[Collected data entries]
* * * * *

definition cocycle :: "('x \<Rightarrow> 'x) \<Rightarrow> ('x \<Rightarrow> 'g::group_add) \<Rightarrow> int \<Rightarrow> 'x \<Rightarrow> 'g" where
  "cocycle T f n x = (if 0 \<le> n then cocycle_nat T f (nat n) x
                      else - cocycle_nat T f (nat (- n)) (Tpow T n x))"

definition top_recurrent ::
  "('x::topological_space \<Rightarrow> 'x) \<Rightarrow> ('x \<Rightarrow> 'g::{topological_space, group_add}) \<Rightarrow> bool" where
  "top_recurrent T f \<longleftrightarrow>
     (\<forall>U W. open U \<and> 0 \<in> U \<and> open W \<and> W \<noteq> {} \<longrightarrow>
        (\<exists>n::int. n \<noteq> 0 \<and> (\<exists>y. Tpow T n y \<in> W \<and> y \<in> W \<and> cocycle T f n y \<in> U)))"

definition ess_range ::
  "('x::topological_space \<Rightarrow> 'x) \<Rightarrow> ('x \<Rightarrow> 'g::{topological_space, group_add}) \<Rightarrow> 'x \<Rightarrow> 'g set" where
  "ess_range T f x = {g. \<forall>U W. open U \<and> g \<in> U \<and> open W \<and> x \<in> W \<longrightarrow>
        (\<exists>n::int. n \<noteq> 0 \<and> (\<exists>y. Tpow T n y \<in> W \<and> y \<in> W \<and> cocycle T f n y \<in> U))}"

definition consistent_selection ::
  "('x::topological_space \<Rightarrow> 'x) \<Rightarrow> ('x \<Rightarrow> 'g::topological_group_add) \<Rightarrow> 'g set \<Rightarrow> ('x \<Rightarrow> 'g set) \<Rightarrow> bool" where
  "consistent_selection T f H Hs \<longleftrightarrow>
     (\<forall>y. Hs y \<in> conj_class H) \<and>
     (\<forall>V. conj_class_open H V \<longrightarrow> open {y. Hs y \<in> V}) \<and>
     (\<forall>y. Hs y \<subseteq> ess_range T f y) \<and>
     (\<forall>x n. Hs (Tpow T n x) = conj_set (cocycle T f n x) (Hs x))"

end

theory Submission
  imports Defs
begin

* * * * *

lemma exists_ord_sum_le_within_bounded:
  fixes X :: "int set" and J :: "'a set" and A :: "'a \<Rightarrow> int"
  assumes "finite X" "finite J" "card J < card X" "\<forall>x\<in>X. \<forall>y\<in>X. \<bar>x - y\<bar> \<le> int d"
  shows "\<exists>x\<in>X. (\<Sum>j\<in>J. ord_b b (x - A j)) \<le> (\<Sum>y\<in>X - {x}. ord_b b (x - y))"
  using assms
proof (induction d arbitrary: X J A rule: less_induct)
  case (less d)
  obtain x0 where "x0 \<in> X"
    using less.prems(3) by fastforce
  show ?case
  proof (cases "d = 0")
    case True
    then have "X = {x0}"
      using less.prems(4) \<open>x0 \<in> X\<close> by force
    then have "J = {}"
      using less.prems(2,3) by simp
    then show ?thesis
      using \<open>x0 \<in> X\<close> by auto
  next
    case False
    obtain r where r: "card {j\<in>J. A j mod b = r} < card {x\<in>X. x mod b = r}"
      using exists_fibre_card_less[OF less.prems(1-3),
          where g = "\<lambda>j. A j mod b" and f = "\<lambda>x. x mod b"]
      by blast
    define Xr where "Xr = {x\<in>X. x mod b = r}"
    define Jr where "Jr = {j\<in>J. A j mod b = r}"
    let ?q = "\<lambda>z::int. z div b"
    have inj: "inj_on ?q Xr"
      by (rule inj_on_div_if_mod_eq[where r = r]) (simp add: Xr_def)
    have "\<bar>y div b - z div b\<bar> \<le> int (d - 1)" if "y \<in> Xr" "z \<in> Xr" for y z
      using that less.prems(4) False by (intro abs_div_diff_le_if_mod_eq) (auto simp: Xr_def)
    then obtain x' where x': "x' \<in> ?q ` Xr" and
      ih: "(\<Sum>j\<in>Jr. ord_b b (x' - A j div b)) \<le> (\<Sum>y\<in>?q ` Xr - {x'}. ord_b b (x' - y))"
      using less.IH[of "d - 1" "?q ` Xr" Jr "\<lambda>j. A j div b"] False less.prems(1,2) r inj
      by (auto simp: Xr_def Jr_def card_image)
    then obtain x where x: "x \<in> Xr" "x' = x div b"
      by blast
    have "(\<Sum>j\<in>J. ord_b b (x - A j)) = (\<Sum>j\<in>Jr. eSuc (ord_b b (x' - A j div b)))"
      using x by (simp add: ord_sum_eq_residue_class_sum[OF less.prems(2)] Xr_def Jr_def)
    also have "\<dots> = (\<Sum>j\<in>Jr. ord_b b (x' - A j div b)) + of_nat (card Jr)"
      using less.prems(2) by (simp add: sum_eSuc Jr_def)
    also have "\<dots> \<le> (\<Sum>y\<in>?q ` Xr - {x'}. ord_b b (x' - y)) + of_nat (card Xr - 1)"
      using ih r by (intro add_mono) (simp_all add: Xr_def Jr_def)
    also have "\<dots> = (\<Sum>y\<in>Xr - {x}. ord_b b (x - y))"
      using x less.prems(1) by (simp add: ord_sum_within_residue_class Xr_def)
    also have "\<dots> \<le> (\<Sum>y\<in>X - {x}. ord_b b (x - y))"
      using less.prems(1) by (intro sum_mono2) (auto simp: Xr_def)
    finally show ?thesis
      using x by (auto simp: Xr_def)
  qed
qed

* * * * *

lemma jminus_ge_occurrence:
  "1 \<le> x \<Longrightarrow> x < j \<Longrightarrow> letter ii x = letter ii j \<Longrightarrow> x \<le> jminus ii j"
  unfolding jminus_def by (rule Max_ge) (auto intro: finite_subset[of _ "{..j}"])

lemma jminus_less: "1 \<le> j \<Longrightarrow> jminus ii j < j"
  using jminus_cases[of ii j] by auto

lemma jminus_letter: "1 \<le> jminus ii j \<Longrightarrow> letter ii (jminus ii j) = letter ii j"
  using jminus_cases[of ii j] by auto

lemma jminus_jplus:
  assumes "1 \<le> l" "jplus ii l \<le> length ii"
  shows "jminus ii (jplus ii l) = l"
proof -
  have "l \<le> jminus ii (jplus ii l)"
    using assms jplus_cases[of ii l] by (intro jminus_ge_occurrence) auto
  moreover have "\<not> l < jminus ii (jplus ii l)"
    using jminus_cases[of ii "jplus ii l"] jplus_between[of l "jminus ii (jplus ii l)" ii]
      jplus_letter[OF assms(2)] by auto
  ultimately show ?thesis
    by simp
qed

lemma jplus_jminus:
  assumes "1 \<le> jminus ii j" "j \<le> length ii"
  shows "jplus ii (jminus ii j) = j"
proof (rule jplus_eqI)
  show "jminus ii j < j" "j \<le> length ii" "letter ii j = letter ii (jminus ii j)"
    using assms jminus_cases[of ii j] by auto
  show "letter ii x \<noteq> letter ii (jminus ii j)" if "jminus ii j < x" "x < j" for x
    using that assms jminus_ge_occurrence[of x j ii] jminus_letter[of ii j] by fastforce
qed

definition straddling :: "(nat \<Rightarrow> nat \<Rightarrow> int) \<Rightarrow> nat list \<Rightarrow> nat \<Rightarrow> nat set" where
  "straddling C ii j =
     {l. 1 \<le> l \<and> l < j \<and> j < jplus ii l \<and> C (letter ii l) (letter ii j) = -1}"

* * * * *

◆ WHAT THIS TASK INVOLVES
Which lines in the records contain the word "longleftrightarrow"? Copy each one.

◆ SOLUTION
  "top_recurrent T f \<longleftrightarrow>
  "consistent_selection T f H Hs \<longleftrightarrow>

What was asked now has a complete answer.